The following excerpt of a letter sent by imprisoned pastor Joseph Alleine* to his congregation expresses well the passion of a pastor for his people. Parents will recognize it as their own cry for their children.
You are a people much upon my heart, whose welfare is a matter of my continual prayers, care, and study. And oh that I knew how to do you good! How it pities me to think how so many of you should remain in your sins, after so many and so long endeavors to convert you and bring you in! Once more, oh beloved, once more hear the call of the Most High God unto you. The prison preaches to you the same doctrine that the pulpit did. Hear, O people, hear; the Lord of life and glory offers you all mercy, and peace, and blessedness. Oh, why should you die? Whosoever will, let him take of the waters of life freely.
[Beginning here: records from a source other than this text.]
lemma core_term_integral_tendsto:
  assumes \<delta>: "\<delta> > 0"
  shows "(\<lambda>n. integral\<^sup>L lborel (core_term (real n) (c n) R \<delta>)) \<longlonglongrightarrow> integral\<^sup>L lborel (core_limit R \<delta>)"
proof -
  have "(\<lambda>n. integral\<^sup>L lborel (core_term (real (Suc n)) (c (Suc n)) R \<delta>)) \<longlonglongrightarrow>
      integral\<^sup>L lborel (core_limit R \<delta>)"
  proof (rule integral_dominated_convergence[where w = "core_bound R \<delta>"])
    show "core_limit R \<delta> \<in> borel_measurable lborel"
      unfolding core_limit_def by measurable
    show "AE x in lborel. norm (core_term (real (Suc n)) (c (Suc n)) R \<delta> x) \<le> core_bound R \<delta> x" for n
      using abs_core_term_le[of "real (Suc n)" \<delta>] \<delta> by simp
    have "AE x in lborel. x \<notin> {R, -R}"
      by (intro AE_not_in countable_imp_null_set_lborel) simp
    then show "AE x in lborel. (\<lambda>n. core_term (real (Suc n)) (c (Suc n)) R \<delta> x) \<longlonglongrightarrow> core_limit R \<delta> x"
      using density_AE_isCont
    proof eventually_elim
      case (elim x)
      then have "\<bar>x\<bar> \<noteq> R"
        by auto
      have "(\<lambda>n. core_term (real n) (c n) R \<delta> x) \<longlonglongrightarrow> core_limit R \<delta> x"
        unfolding core_term_def core_limit_def
        using \<delta> by (intro tendsto_intros centre_window_tendsto[OF \<open>\<bar>x\<bar> \<noteq> R\<close>]
            hist_density_tendsto[OF elim(2)]) auto
      then show ?case
        by (rule LIMSEQ_Suc)
    qed
  qed (use core_bound_integrable in auto)
  then show ?thesis
    by (rule LIMSEQ_imp_Suc)
qed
My soul yearns for you. Ah, that I did but know what arguments to use with you; who shall choose my words for me that I may prevail with sinners not to reject their own mercy? How shall I get within them? How shall I reach them? Oh, that I did but know the words that would pierce them! That I could but get between their sins and them.
—Meet the Puritans (Reformation Heritage Books, 2006), 25.
* Joseph Alleine (1634–1668) was one of many pastors ejected from the Church of England for nonconformity. He was subsequently imprisoned twice for preaching without state-granted authority.